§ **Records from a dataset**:

────

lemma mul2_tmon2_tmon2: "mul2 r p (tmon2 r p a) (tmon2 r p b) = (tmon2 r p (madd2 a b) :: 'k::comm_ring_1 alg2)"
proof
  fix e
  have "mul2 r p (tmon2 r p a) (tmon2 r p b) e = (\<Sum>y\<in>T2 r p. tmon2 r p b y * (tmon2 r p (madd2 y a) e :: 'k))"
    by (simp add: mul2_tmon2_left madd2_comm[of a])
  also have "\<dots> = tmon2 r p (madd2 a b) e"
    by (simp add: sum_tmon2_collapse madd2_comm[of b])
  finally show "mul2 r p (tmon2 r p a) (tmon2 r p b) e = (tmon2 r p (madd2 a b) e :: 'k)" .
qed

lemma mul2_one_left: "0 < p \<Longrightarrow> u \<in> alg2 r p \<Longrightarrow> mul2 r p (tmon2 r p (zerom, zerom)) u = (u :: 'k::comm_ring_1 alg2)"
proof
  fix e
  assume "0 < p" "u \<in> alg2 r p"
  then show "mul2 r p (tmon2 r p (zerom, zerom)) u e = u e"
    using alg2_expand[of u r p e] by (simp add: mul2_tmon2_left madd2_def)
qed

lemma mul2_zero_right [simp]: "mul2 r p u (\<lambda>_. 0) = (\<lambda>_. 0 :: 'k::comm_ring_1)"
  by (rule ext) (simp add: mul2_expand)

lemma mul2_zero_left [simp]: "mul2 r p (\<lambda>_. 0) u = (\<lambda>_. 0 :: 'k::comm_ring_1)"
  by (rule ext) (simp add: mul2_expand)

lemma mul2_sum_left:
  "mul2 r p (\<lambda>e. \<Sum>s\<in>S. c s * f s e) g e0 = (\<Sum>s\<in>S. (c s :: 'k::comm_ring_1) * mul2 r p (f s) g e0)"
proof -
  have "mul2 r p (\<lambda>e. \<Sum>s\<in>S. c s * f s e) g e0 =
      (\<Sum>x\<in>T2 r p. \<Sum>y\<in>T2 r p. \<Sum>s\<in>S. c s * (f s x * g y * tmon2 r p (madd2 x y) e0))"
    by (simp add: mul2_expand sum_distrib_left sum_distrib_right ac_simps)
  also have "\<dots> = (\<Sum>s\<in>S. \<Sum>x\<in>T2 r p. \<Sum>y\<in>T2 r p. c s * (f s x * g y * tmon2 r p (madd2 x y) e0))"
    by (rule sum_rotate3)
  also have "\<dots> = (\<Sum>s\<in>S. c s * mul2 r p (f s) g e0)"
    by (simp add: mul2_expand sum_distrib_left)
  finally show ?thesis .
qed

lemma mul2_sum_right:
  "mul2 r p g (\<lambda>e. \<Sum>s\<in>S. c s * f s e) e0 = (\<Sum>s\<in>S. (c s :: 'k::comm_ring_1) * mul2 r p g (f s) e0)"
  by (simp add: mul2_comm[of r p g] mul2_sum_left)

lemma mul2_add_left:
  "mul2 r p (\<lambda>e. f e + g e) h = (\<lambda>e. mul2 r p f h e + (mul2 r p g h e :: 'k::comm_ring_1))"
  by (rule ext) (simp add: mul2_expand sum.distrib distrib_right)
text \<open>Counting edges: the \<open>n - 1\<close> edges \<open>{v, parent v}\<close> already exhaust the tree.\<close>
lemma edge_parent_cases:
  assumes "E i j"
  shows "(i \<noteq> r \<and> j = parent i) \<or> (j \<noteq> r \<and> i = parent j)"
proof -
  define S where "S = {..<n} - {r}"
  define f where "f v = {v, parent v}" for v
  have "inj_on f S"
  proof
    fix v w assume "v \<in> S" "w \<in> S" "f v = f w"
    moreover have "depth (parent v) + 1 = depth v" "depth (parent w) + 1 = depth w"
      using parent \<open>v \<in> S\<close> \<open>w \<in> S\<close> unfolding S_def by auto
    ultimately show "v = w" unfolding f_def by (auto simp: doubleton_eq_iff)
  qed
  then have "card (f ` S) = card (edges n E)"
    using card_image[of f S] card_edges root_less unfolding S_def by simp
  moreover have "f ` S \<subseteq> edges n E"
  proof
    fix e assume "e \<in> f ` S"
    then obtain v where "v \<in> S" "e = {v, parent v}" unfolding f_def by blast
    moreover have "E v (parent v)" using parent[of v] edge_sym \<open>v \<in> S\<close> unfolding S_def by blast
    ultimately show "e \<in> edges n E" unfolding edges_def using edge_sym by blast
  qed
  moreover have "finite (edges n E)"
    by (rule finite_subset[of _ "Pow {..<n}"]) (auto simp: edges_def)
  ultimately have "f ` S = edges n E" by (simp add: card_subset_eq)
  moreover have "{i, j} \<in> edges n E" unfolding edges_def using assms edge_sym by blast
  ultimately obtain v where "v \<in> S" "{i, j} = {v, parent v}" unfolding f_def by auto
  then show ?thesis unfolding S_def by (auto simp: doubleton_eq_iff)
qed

────

§ **INSTRUCTIONS TO FOLLOW**: Reproduce exactly the lines above from the line with "p (\<lambda>e. f" to the line with "fix v w assume", including both, and add nothing.

§ **EXERCISE RESULT**:
  "mul2 r p (\<lambda>e. f e + g e) h = (\<lambda>e. mul2 r p f h e + (mul2 r p g h e :: 'k::comm_ring_1))"
  by (rule ext) (simp add: mul2_expand sum.distrib distrib_right)
text \<open>Counting edges: the \<open>n - 1\<close> edges \<open>{v, parent v}\<close> already exhaust the tree.\<close>
lemma edge_parent_cases:
  assumes "E i j"
  shows "(i \<noteq> r \<and> j = parent i) \<or> (j \<noteq> r \<and> i = parent j)"
proof -
  define S where "S = {..<n} - {r}"
  define f where "f v = {v, parent v}" for v
  have "inj_on f S"
  proof
    fix v w assume "v \<in> S" "w \<in> S" "f v = f w"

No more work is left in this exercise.